Why is it bad idea to modify locals in python?
What documentation says is that when you have a local x
variable and do locals()['x'] = 42
, then x
may still point to the old object.
def foo():
x = 0xABCD
locals()['x'] = 42
print(x)
foo()
In certain cases, the call to locals() returns values collected from multiple sources, rather than a pointer to the local scope.
Example: When inside a function call, locals() returns a combination of the global scope and the scope local to the function. In this case, modifying the locals() output won't make any changes to the local scope because it's essentially using an island. It seems like the only cases where it does work are cases where its output is the same as the output of globals().
So, in other words, you either want to use globals(), or find a different way to achieve the same goal.

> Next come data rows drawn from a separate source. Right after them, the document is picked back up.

text \<open>Each of the two pendant vertices would rather link to the other's neighbour.\<close>
lemma no_far_pendant_owners:
  assumes a: "pendant A a qa" "qa \<in> S a" and b: "pendant A b qb" "qb \<in> S b"
    and far_a: "\<beta> < hops A qa b" and far_b: "\<beta> < hops A qb a"
  shows False
proof -
  have V: "a \<in> V" "qa \<in> V" "b \<in> V" "qb \<in> V" using pendant_in_V a(1) b(1) by auto
  have "qb \<noteq> a" "qa \<noteq> b" using far_a far_b by auto
  have "A qa a" using a(1) sympD[OF sym_R] unfolding pendant_def by blast
  then have qa_a: "hops A qa a \<le> 1" by (rule hops_le_1)
  have "A qb b" using b(1) sympD[OF sym_R] unfolding pendant_def by blast
  then have qb_b: "hops A qb b \<le> 1" by (rule hops_le_1)
  define P where "P = {y \<in> V. \<beta> \<le> hops A qa y}"
  define Q where "Q = {y \<in> V. \<beta> \<le> hops A qb y}"
  have "a \<in> Q" "b \<in> P" using V far_a far_b by (auto simp: P_def Q_def)
  have "{y \<in> V. y \<noteq> a \<and> \<beta> \<le> hops A qa y} = P" "{y \<in> V. y \<noteq> a \<and> \<beta> \<le> hops A qb y} = Q - {a}"
    "{y \<in> V. y \<noteq> b \<and> \<beta> \<le> hops A qb y} = Q" "{y \<in> V. y \<noteq> b \<and> \<beta> \<le> hops A qa y} = P - {b}"
    using qa_a qb_b beta_ge_2 by (auto simp: P_def Q_def)
  then have "sum w P \<le> sum w (Q - {a})" and "sum w Q \<le> sum w (P - {b})"
    using pendant_swap_link[OF a V(4) \<open>qb \<noteq> a\<close>] pendant_swap_link[OF b V(2) \<open>qa \<noteq> b\<close>]
    by simp_all
  moreover have "sum w (Q - {a}) = sum w Q - w a" "sum w (P - {b}) = sum w P - w b"
    using \<open>a \<in> Q\<close> \<open>b \<in> P\<close> by (simp_all add: sum_diff1 P_def Q_def)
  moreover have "0 < w a" "0 < w b" using weights_pos V by auto
  ultimately show False by linarith
qed

lemma hops_le_Suc_beta:
  assumes "x \<in> V" and "y \<in> V"
  shows "hops A x y \<le> Suc \<beta>"
proof (rule ccontr)
  assume long: "\<not> hops A x y \<le> Suc \<beta>"
  obtain a b where ab: "a \<in> V" "b \<in> V"
    and farthest: "\<And>x y. x \<in> V \<Longrightarrow> y \<in> V \<Longrightarrow> hops A x y \<le> hops A a b"
    using farthest_pair_exists assms by blast
  have ba: "hops A b a = hops A a b" using hops_commute[OF ab(2,1)] .
  have long_ab: "Suc (Suc \<beta>) \<le> hops A a b" using farthest[OF assms] long by simp
  then have "a \<noteq> b" by auto
  obtain qb where qb: "pendant A b qb" using farthest_is_pendant[OF ab \<open>a \<noteq> b\<close> farthest] .
  obtain qa where qa: "pendant A a qa"
    using farthest_is_pendant[OF ab(2,1) \<open>a \<noteq> b\<close>[symmetric]] farthest ba by metis
  have "hops A a b = Suc (hops A qa b)" using hops_from_pendant[OF qa ab(2)] \<open>a \<noteq> b\<close> by simp
  moreover have "hops A b a = Suc (hops A qb a)" using hops_from_pendant[OF qb ab(1)] \<open>a \<noteq> b\<close> by simp
  ultimately have far_a: "\<beta> < hops A qa b" and far_b: "\<beta> < hops A qb a" using long_ab ba by simp_all
  have "qa \<in> S a" using pendant_buys_own_link[OF qa ab(2) far_a] .
  moreover have "qb \<in> S b" using pendant_buys_own_link[OF qb ab(1) far_b] .
  ultimately show False using no_far_pendant_owners[OF qa _ qb _ far_a far_b] by blast
qed

lemma hops_second_step_lt_beta:
  assumes u: "u \<in> V" and y: "y \<in> V" and uy: "hops A u y = Suc \<beta>"
    and up: "A u p" and py: "hops A p y = \<beta>" and px: "A p x" and xy: "hops A x y = \<beta> - 1"
    and v: "v \<in> V" and uv: "\<beta> < hops A u v"
  shows "hops A x v < \<beta>"
proof -
  have x: "x \<in> V" using edge_in_V[OF px] by blast
  have vu: "hops A v u = Suc \<beta>" using hops_le_Suc_beta[OF u v] uv hops_commute[OF u v] by simp
  have vy: "hops A v y \<le> Suc \<beta>" using hops_le_Suc_beta[OF v y] .
  have vp: "Suc (hops A v p) = hops A v u" using hops_toward[OF v up y] uy py vu vy by simp
  then have "Suc (hops A v x) = hops A v p"
    using hops_toward[OF v px y] py xy vu vy beta_ge_2 by simp
  then show ?thesis using vp vu hops_commute[OF x v] by simp
qed

lemma far_weight_le_alpha:
  assumes u: "u \<in> V"
  shows "sum w (far n S \<beta> u) \<le> \<alpha>"
proof (cases "far n S \<beta> u = {}")
  case True
  then show ?thesis using alpha_pos by simp
next
  case False
  then obtain y where y: "y \<in> V" and "\<beta> < hops A u y" using far_eq[OF u] by auto
  then have uy: "hops A u y = Suc \<beta>" using hops_le_Suc_beta[OF u y] by simp
  obtain p where up: "A u p" and py: "hops A p y = \<beta>" using hops_SucD[OF u y uy] .
  have p: "p \<in> V" using edge_in_V[OF up] by blast
  have "hops A p y = Suc (\<beta> - 1)" using py beta_ge_2 by simp
  then obtain x where px: "A p x" and xy: "hops A x y = \<beta> - 1" using hops_SucD[OF p y] by blast
  have x: "x \<in> V" using edge_in_V[OF px] by blast
  have "x \<noteq> u" using xy uy by auto
  have "x \<notin> S u"
  proof
    assume "x \<in> S u"
    then have "A u x" using u x by (auto simp: adj_def)
    then have "hops A u y \<le> Suc (hops A x y)" using hops_neighbor_le y by blast
    then show False using uy xy beta_ge_2 by simp
  qed
  have no_far: "{v \<in> V. \<beta> < hops A u v \<and> \<beta> \<le> hops A x v} = {}"
    using hops_second_step_lt_beta[OF u y uy up py px xy] by (auto simp: not_less[symmetric])
  show ?thesis
    using far_weight_le_add_link[OF u x \<open>x \<noteq> u\<close> \<open>x \<notin> S u\<close>] unfolding no_far by simp
qed

lemma exists_central_player:
  assumes "V \<noteq> {}"
  obtains z where "z \<in> V" and "far n S \<beta> z = {}"
proof (cases "\<exists>u\<in>V. \<exists>y\<in>V. hops A u y = Suc \<beta>")
  case True
  then obtain u y where u: "u \<in> V" and y: "y \<in> V" and uy: "hops A u y = Suc \<beta>" by blast
  obtain p where up: "A u p" and py: "hops A p y = \<beta>" using hops_SucD[OF u y uy] .
  have p: "p \<in> V" using edge_in_V[OF up] by blast
  have "hops A p v \<le> \<beta>" if v: "v \<in> V" for v
  proof (cases "v = u")
    case True
    then show ?thesis using hops_le_1[of A, OF up] beta_ge_2 hops_commute[OF u p] by simp
  next
    case False
    then have "0 < hops A v u" using hops_eq_0_iff[OF v u] by simp
    then have "Suc (hops A v p) = hops A v u"
      using hops_toward[OF v up y] uy py hops_le_Suc_beta[OF v y] by simp
    then show ?thesis using hops_le_Suc_beta[OF v u] hops_commute[OF v p] by simp
  qed
  then have "far n S \<beta> p = {}" using far_eq[OF p] by (auto simp: not_less[symmetric])
  with p show thesis by (rule that)
next
  case False
  obtain z where z: "z \<in> V" using assms by blast
  have "hops A z y \<le> \<beta>" if "y \<in> V" for y
    using False hops_le_Suc_beta[OF z that] z that by (auto simp: le_Suc_eq)
  then have "far n S \<beta> z = {}" using far_eq[OF z] by (auto simp: not_less[symmetric])
  with z show thesis by (rule that)
qed

lemma sum_far_weights_le:
  assumes "1 \<le> n"
  shows "(\<Sum>u\<in>V. sum w (far n S \<beta> u)) \<le> \<alpha> * (real n - 1)"
proof -
  have "V \<noteq> {}" using assms by (simp add: players_def)
  then obtain z where z: "z \<in> V" and far_z: "far n S \<beta> z = {}" by (rule exists_central_player)
  have "(\<Sum>u\<in>V. sum w (far n S \<beta> u)) = (\<Sum>u\<in>V - {z}. sum w (far n S \<beta> u))"
    using z far_z by (simp add: sum.remove)
  also have "\<dots> \<le> real (card (V - {z})) * \<alpha>"
    by (rule sum_bounded_above) (use far_weight_le_alpha in auto)
  also have "\<dots> = \<alpha> * (real n - 1)" using z assms by (simp add: of_nat_diff)
  finally show ?thesis .
qed

end

theorem theorem4:
  fixes n :: nat and w :: "nat \<Rightarrow> real" and \<alpha> :: real and \<beta> :: nat
    and S :: "nat \<Rightarrow> nat set"
  assumes "\<forall>u\<in>players n. w u > 0"
    and "\<alpha> > 0"
    and "1 \<le> \<beta>" and "\<beta> \<le> n - 1"
    and "star_celebrity_game n w \<alpha> \<beta>"
    and "\<beta> > 1"
    and "is_NE n w \<alpha> \<beta> S"
    and "is_tree n S"
  shows "social_cost n w \<alpha> \<beta> S \<le> 2 * opt n w \<alpha> \<beta>"
proof -
  interpret NE_tree n w \<alpha> \<beta> S using assms by unfold_locales auto
  have n: "3 \<le> n" using assms(4,6) by linarith
  have links: "(\<Sum>u\<in>V. card (S u)) = n - 1"
    using card_edges_NE[OF NE alpha_pos] tree unfolding is_tree_def by simp
  have upper: "social_cost n w \<alpha> \<beta> S \<le> 2 * (\<alpha> * (real n - 1))"
    using social_cost_eq[of n w \<alpha> \<beta> S] links sum_far_weights_le n by (simp add: of_nat_diff)
  have "(\<Sum>u\<in>V. card (S u)) \<noteq> 0" using links n by simp
  then obtain u where u: "u \<in> V" and "card (S u) \<noteq> 0" by (meson sum.neutral)
  then obtain v where v: "v \<in> S u" by (metis card.empty ex_in_conv)
  have "\<alpha> \<le> sum w V" using alpha_le_total_weight[OF NE _ u v] weight_nonneg by blast
  then have "\<alpha> * (real n - 1) \<le> opt n w \<alpha> \<beta>"
    using social_cost_ge weight_nonneg alpha_pos by (intro le_opt) auto
  with upper show ?thesis by simp
qed

end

In the CPython interpreter, local variables can come from a number of places (the details of this are not important, but it has to do with how variables are stored for closures). The locals()
function gathers up the names and values from all these places, to give you convenient access to them all in one place, but since it doesn't know where a given variable came from, it can't put it back. In other words, it's a bad idea because it doesn't work.
From Dive into Python
locals is a function that returns a dictionary, and here you are setting a value in that dictionary. You might think that this would change the value of the local variable x to 2, but it doesn't. locals does not actually return the local namespace, it returns a copy. So changing it does nothing to the value of the variables in the local namespace.